Data START

(* Let $\mathcal{T}\mathcal{E}$ be the tangent equation of $u_{tx}=2u_yu_{xx}+4u_xu_{xy}-u_{xxxy}$, i.e. the system consisting of this equation together with $q_{tx}=2u_yq_{xx}+2u_{xx}q_y+4u_xq_{xy}+4u_{xy}q_x-q_{xxxy}$, where $q$ and its derivatives are odd (anticommuting) variables. Then the system $$w_x=2u_xq_x,\qquad w_y=q_t+q_{xxy}-2u_xq_y-2u_yq_x,$$ with $w$ odd, is compatible on $\mathcal{T}\mathcal{E}$ and thus defines a covering $\tau\colon W\to\mathcal{T}\mathcal{E}$; moreover, for every $\mu\in\mathbb{R}$, setting $\gamma=1-\mu t$, the function $$S^u=(2\gamma u_x-\mu y)q-\gamma q_{xx}+\gamma w$$ is a symmetry shadow in the composition $\mathbf{t}\circ\tau\colon W\to\mathcal{E}$, i.e. it satisfies $D_xD_tS^u-2u_{xx}D_yS^u-2u_yD_x^2S^u-4u_{xy}D_xS^u-4u_xD_xD_yS^u+D_x^3D_yS^u=0$ with total derivatives lifted to $W$.
   Context: $\mathbf{t}\colon\mathcal{T}\mathcal{E}\to\mathcal{E}$ is the tangent covering $(u_\sigma,q_\sigma)\mapsto u_\sigma$. A covering over an equation is given by additional (nonlocal) variables with derivatives prescribed by a system whose compatibility conditions hold by virtue of the equation; total derivatives are extended accordingly (e.g. $D_x(w)=2u_xq_x$). A shadow in a covering is a solution of the lifted linearized equation. *)

theory Defs
  imports Complex_Main "HOL-Library.Poly_Mapping"
begin

text \<open>A jet index (a,b,c) means
a derivatives in t, b in x, c in y.\<close>

type_synonym jidx = "nat \<times> nat \<times> nat"

datatype var = T | X | Y | U jidx | Q jidx | W jidx

type_synonym dpoly = "(var \<Rightarrow>\<^sub>0 nat) \<Rightarrow>\<^sub>0 real"

definition V :: "var \<Rightarrow> dpoly" where
  "V v = Poly_Mapping.single (Poly_Mapping.single v 1) 1"

definition C :: "real \<Rightarrow> dpoly" where
  "C c = Poly_Mapping.single 0 c"

abbreviation u :: "nat \<Rightarrow> nat \<Rightarrow> nat \<Rightarrow> dpoly" where "u a b c \<equiv> V (U (a,b,c))"
abbreviation q :: "nat \<Rightarrow> nat \<Rightarrow> nat \<Rightarrow> dpoly" where "q a b c \<equiv> V (Q (a,b,c))"
abbreviation w :: "nat \<Rightarrow> nat \<Rightarrow> nat \<Rightarrow> dpoly" where "w a b c \<equiv> V (W (a,b,c))"

datatype dir = Dt | Dx | Dy

fun shift :: "dir \<Rightarrow> jidx \<Rightarrow> jidx" where
  "shift Dt (a,b,c) = (Suc a, b, c)"
| "shift Dx (a,b,c) = (a, Suc b, c)"
| "shift Dy (a,b,c) = (a, b, Suc c)"

fun dvar :: "dir \<Rightarrow> var \<Rightarrow> dpoly" where
  "dvar d T = (if d = Dt then 1 else 0)"
| "dvar d X = (if d = Dx then 1 else 0)"
| "dvar d Y = (if d = Dy then 1 else 0)"
| "dvar d (U s) = V (U (shift d s))"
| "dvar d (Q s) = V (Q (shift d s))"
| "dvar d (W s) = V (W (shift d s))"

text \<open>Total derivative D_d on the free jet space: the derivation extending dvar
(chain rule applied monomial by monomial).\<close>
definition D :: "dir \<Rightarrow> dpoly \<Rightarrow> dpoly" where
  "D d p = (\<Sum>mon\<in>Poly_Mapping.keys p. \<Sum>x\<in>Poly_Mapping.keys (mon :: var \<Rightarrow>\<^sub>0 nat).
      Poly_Mapping.single (mon - Poly_Mapping.single x 1)
         (Poly_Mapping.lookup p mon * real (Poly_Mapping.lookup mon x)) * dvar d x)"

definition Dmulti :: "jidx \<Rightarrow> dpoly \<Rightarrow> dpoly" where
  "Dmulti s p = (case s of (a,b,c) \<Rightarrow>
      (D Dt ^^ a) ((D Dx ^^ b) ((D Dy ^^ c) p)))"

inductive_set gen_ideal :: "dpoly set \<Rightarrow> dpoly set" for G where
  zero: "0 \<in> gen_ideal G"
| step: "p \<in> gen_ideal G \<Longrightarrow> g \<in> G \<Longrightarrow> p + c * g \<in> gen_ideal G"

text \<open>Differential ideal generated by G: the ideal generated by all total
derivatives of the elements of G.  "f = 0 by virtue of the system G" means
f belongs to this ideal.\<close>
definition diff_ideal :: "dpoly set \<Rightarrow> dpoly set" where
  "diff_ideal G = gen_ideal {Dmulti s g | s g. g \<in> G}"

definition eqE :: dpoly where
  "eqE = u 1 1 0 - (2 * u 0 0 1 * u 0 2 0 + 4 * u 0 1 0 * u 0 1 1 - u 0 3 1)"

definition eqTE :: dpoly where
  "eqTE = q 1 1 0 - (2 * u 0 0 1 * q 0 2 0 + 2 * u 0 2 0 * q 0 0 1
            + 4 * u 0 1 0 * q 0 1 1 + 4 * u 0 1 1 * q 0 1 0 - q 0 3 1)"

text \<open>Right-hand sides of the covering system w_x = A, w_y = B.\<close>
definition covA :: dpoly where
  "covA = 2 * u 0 1 0 * q 0 1 0"

definition covB :: dpoly where
  "covB = q 1 0 0 + q 0 2 1 - 2 * u 0 1 0 * q 0 0 1 - 2 * u 0 0 1 * q 0 1 0"

definition linE :: "dpoly \<Rightarrow> dpoly" where
  "linE S = D Dx (D Dt S) - 2 * u 0 2 0 * D Dy S - 2 * u 0 0 1 * D Dx (D Dx S)
           - 4 * u 0 1 1 * D Dx S - 4 * u 0 1 0 * D Dx (D Dy S)
           + D Dx (D Dx (D Dx (D Dy S)))"

definition gam :: "real \<Rightarrow> dpoly" where
  "gam \<mu> = 1 - C \<mu> * V T"

definition Su :: "real \<Rightarrow> dpoly" where
  "Su \<mu> = (2 * gam \<mu> * u 0 1 0 - C \<mu> * V Y) * q 0 0 0 - gam \<mu> * q 0 2 0
           + gam \<mu> * w 0 0 0"

end

theory Submission
  imports Defs
begin

text \<open>The total derivatives D are derivations of the polynomial ring of jet coordinates
killing the constants.  Hence both claims reduce to polynomial identities:
D_y(2 u_x q_x) - D_x(q_t + q_xxy - 2 u_x q_y - 2 u_y q_x) is exactly minus the
tangent equation, and the linearization of S^u is an explicit combination, with
polynomial coefficients, of the equations, the covering relations and some of their
total derivatives.  All terms are linear in the odd variables q, w, so computing in the
commutative ring loses nothing.\<close>

definition D_monom :: "dir \<Rightarrow> (var \<Rightarrow>\<^sub>0 nat) \<Rightarrow> dpoly" where
  "D_monom d m = (\<Sum>x\<in>Poly_Mapping.keys m.
      Poly_Mapping.single (m - Poly_Mapping.single x 1) (real (Poly_Mapping.lookup m x)) * dvar d x)"

lemma D_monom_eq_sum_superset:
  assumes "finite S" "Poly_Mapping.keys m \<subseteq> S"
  shows "D_monom d m = (\<Sum>x\<in>S. Poly_Mapping.single (m - Poly_Mapping.single x 1)
      (real (Poly_Mapping.lookup m x)) * dvar d x)"
  unfolding D_monom_def
  by (rule sum.mono_neutral_left) (use assms in \<open>auto simp: in_keys_iff\<close>)

lemma D_eq_sum_superset:
  assumes "finite S" "Poly_Mapping.keys p \<subseteq> S"
  shows "D d p = (\<Sum>m\<in>S. Poly_Mapping.single 0 (Poly_Mapping.lookup p m) * D_monom d m)"
proof -
  have "D d p = (\<Sum>m\<in>Poly_Mapping.keys p.
      Poly_Mapping.single 0 (Poly_Mapping.lookup p m) * D_monom d m)"
    unfolding D_def D_monom_def
    by (simp add: sum_distrib_left mult_single mult.assoc[symmetric])
  also have "\<dots> = (\<Sum>m\<in>S. Poly_Mapping.single 0 (Poly_Mapping.lookup p m) * D_monom d m)"
    by (rule sum.mono_neutral_left) (use assms in \<open>auto simp: in_keys_iff\<close>)
  finally show ?thesis .
qed

lemma D_single: "D d (Poly_Mapping.single m c) = Poly_Mapping.single 0 c * D_monom d m"
  by (subst D_eq_sum_superset[of "{m}"]) auto

lemma D_zero [simp]: "D d 0 = 0"
  by (simp add: D_def)

lemma D_add: "D d (p + r) = D d p + D d r"
proof -
  let ?S = "Poly_Mapping.keys p \<union> Poly_Mapping.keys r"
  have "D d (p + r) = (\<Sum>m\<in>?S. Poly_Mapping.single 0 (Poly_Mapping.lookup (p + r) m) * D_monom d m)"
    by (rule D_eq_sum_superset[OF _ keys_add]) simp
  also have "\<dots> = (\<Sum>m\<in>?S. Poly_Mapping.single 0 (Poly_Mapping.lookup p m) * D_monom d m)
     + (\<Sum>m\<in>?S. Poly_Mapping.single 0 (Poly_Mapping.lookup r m) * D_monom d m)"
    by (simp add: lookup_add single_add distrib_right sum.distrib)
  also have "\<dots> = D d p + D d r"
    by (simp add: D_eq_sum_superset[symmetric])
  finally show ?thesis .
qed

lemma D_uminus: "D d (- p) = - D d p"
  using D_add[of d "- p" p] by (simp add: eq_neg_iff_add_eq_0)

lemma D_diff: "D d (p - r) = D d p - D d r"
  using D_add[of d p "- r"] by (simp add: D_uminus)

lemma single_diff_single_add:
  "Poly_Mapping.single (m + n - Poly_Mapping.single x 1) (real (Poly_Mapping.lookup m x))
   = Poly_Mapping.single n 1 * Poly_Mapping.single (m - Poly_Mapping.single x 1) (real (Poly_Mapping.lookup m x))"
proof (cases "Poly_Mapping.lookup m x = 0")
  case False
  have "m + n - Poly_Mapping.single x 1 = n + (m - Poly_Mapping.single x 1)"
    by (rule poly_mapping_eqI) (use False in \<open>auto simp: lookup_minus lookup_add lookup_single when_def\<close>)
  then show ?thesis by (simp add: mult_single)
qed simp

lemma D_monom_add:
  "D_monom d (m + n) = Poly_Mapping.single m 1 * D_monom d n + Poly_Mapping.single n 1 * D_monom d m"
proof -
  let ?S = "Poly_Mapping.keys m \<union> Poly_Mapping.keys n"
  have fin: "finite ?S" by simp
  let ?term = "\<lambda>k x. Poly_Mapping.single (m + n - Poly_Mapping.single x 1)
      (real (Poly_Mapping.lookup k x)) * dvar d x"
  have "D_monom d (m + n) = (\<Sum>x\<in>?S. ?term (m + n) x)"
    by (rule D_monom_eq_sum_superset[OF fin keys_add])
  also have "\<dots> = (\<Sum>x\<in>?S. ?term m x) + (\<Sum>x\<in>?S. ?term n x)"
    by (simp add: lookup_add single_add distrib_right sum.distrib)
  also have "(\<Sum>x\<in>?S. ?term m x) = Poly_Mapping.single n 1 * D_monom d m"
    unfolding D_monom_eq_sum_superset[OF fin Un_upper1] sum_distrib_left
    by (rule sum.cong[OF refl]) (simp only: single_diff_single_add mult.assoc)
  also have "(\<Sum>x\<in>?S. ?term n x) = Poly_Mapping.single m 1 * D_monom d n"
    unfolding D_monom_eq_sum_superset[OF fin Un_upper2] sum_distrib_left
    by (rule sum.cong[OF refl]) (simp only: add.commute[of m n] single_diff_single_add mult.assoc)
  finally show ?thesis by simp
qed

lemma D_mult_single_single:
  "D d (Poly_Mapping.single m a * Poly_Mapping.single n b)
   = Poly_Mapping.single m a * D d (Poly_Mapping.single n b)
     + Poly_Mapping.single n b * D d (Poly_Mapping.single m a)"
proof -
  have split_coeff: "Poly_Mapping.single k c = Poly_Mapping.single 0 c * Poly_Mapping.single k 1"
    for k and c :: real
    by (simp add: mult_single)
  have "D d (Poly_Mapping.single m a * Poly_Mapping.single n b)
     = Poly_Mapping.single 0 a * Poly_Mapping.single 0 b
       * (Poly_Mapping.single m 1 * D_monom d n + Poly_Mapping.single n 1 * D_monom d m)"
    by (simp add: mult_single D_single D_monom_add)
  then show ?thesis
    unfolding D_single by (simp only: split_coeff[of m a] split_coeff[of n b]) (simp add: algebra_simps)
qed

lemma update_eq_add_single:
  "k \<notin> Poly_Mapping.keys f \<Longrightarrow> Poly_Mapping.update k c f = f + Poly_Mapping.single k c"
  by (rule poly_mapping_eqI) (auto simp: lookup_update lookup_add lookup_single in_keys_iff when_def)

lemma D_mult_single:
  "D d (Poly_Mapping.single m a * r) = Poly_Mapping.single m a * D d r + r * D d (Poly_Mapping.single m a)"
proof (induction r rule: update_induct)
  case (update f k c)
  then show ?case
    by (simp add: update_eq_add_single distrib_left distrib_right D_add D_mult_single_single algebra_simps)
qed simp

lemma D_mult: "D d (p * r) = p * D d r + r * D d p"
proof (induction p rule: update_induct)
  case (update f k c)
  have "D d ((f + Poly_Mapping.single k c) * r)
     = (f * D d r + r * D d f) + (Poly_Mapping.single k c * D d r + r * D d (Poly_Mapping.single k c))"
    by (simp only: distrib_right D_add D_mult_single update.IH)
  then show ?case by (simp add: update_eq_add_single[OF update(1)] D_add algebra_simps)
qed simp

lemma D_V: "D d (V v) = dvar d v"
  unfolding V_def D_single D_monom_def by simp

lemma D_C: "D d (C c) = 0"
  unfolding C_def D_single D_monom_def by simp

lemma D_one: "D d 1 = 0"
  using D_C[of d 1] by (simp add: C_def)

lemma D_numeral: "D d (numeral k) = 0"
  using D_C[of d "numeral k"] by (simp add: C_def)

lemmas D_simps = D_add D_diff D_uminus D_mult D_V D_C D_one D_numeral

lemma gen_ideal_add:
  assumes "p \<in> gen_ideal G" and "r \<in> gen_ideal G"
  shows "p + r \<in> gen_ideal G"
  using assms(2)
proof (induction r rule: gen_ideal.induct)
  case zero
  show ?case using assms(1) by simp
next
  case (step r g c)
  then show ?case using gen_ideal.step[of "p + r" G g c] by (simp add: add.assoc)
qed

lemma diff_ideal_add: "p \<in> diff_ideal G \<Longrightarrow> r \<in> diff_ideal G \<Longrightarrow> p + r \<in> diff_ideal G"
  unfolding diff_ideal_def by (rule gen_ideal_add)

lemma mult_Dmulti_in_diff_ideal:
  assumes "g \<in> G"
  shows "c * Dmulti s g \<in> diff_ideal G"
proof -
  have "Dmulti s g \<in> {Dmulti s g | s g. g \<in> G}"
    using assms by blast
  from gen_ideal.step[OF gen_ideal.zero this, of c] show ?thesis
    unfolding diff_ideal_def by simp
qed

lemma covering_compatibility: "D Dy covA - D Dx covB = - eqTE"
  unfolding covA_def covB_def eqTE_def
  by (simp add: D_simps numeral_2_eq_2 numeral_3_eq_3 algebra_simps)

lemma linE_Su_decomposition:
  fixes \<mu> :: real
  defines "\<gamma> \<equiv> gam \<mu>"
  shows "linE (Su \<mu>) =
        (4 * \<gamma> * u 0 1 0 - C \<mu> * V Y) * Dmulti (0,0,0) eqTE
      + (4 * \<gamma> * q 0 1 0) * Dmulti (0,0,0) eqE
      + (2 * \<gamma> * q 0 0 0) * Dmulti (0,1,0) eqE
      + (- \<gamma>) * Dmulti (0,2,0) eqTE
      + \<gamma> * Dmulti (1,0,0) (w 0 1 0 - covA)
      + (- C \<mu> - 4 * \<gamma> * u 0 1 1) * Dmulti (0,0,0) (w 0 1 0 - covA)
      + (- 2 * \<gamma> * u 0 2 0) * Dmulti (0,0,0) (w 0 0 1 - covB)
      + (- 2 * \<gamma> * u 0 0 1) * Dmulti (0,1,0) (w 0 1 0 - covA)
      + (- 4 * \<gamma> * u 0 1 0) * Dmulti (0,0,1) (w 0 1 0 - covA)
      + \<gamma> * Dmulti (0,2,1) (w 0 1 0 - covA)"
  unfolding \<gamma>_def linE_def Su_def gam_def covA_def covB_def eqTE_def eqE_def Dmulti_def
  by (simp add: D_simps numeral_2_eq_2 numeral_3_eq_3 algebra_simps)

theorem proposition4:
  shows "D Dy covA - D Dx covB \<in> diff_ideal {eqE, eqTE} \<and>
         (\<forall>\<mu>::real. linE (Su \<mu>) \<in>
            diff_ideal {eqE, eqTE, w 0 1 0 - covA, w 0 0 1 - covB})"
proof (intro conjI allI)
  show "D Dy covA - D Dx covB \<in> diff_ideal {eqE, eqTE}"
    unfolding covering_compatibility
    using mult_Dmulti_in_diff_ideal[of eqTE "{eqE, eqTE}" "- 1" "(0,0,0)"]
    by (simp add: Dmulti_def)
next
  fix \<mu> :: real
  show "linE (Su \<mu>) \<in> diff_ideal {eqE, eqTE, w 0 1 0 - covA, w 0 0 1 - covB}"
    unfolding linE_Su_decomposition
    by (intro diff_ideal_add mult_Dmulti_in_diff_ideal) simp_all
qed

end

Data END

- **Task to carry out**: All lines that contain the word "means" must be copied from the records above.

- **Result**:
text \<open>A jet index (a,b,c) means
derivatives of the elements of G.  "f = 0 by virtue of the system G" means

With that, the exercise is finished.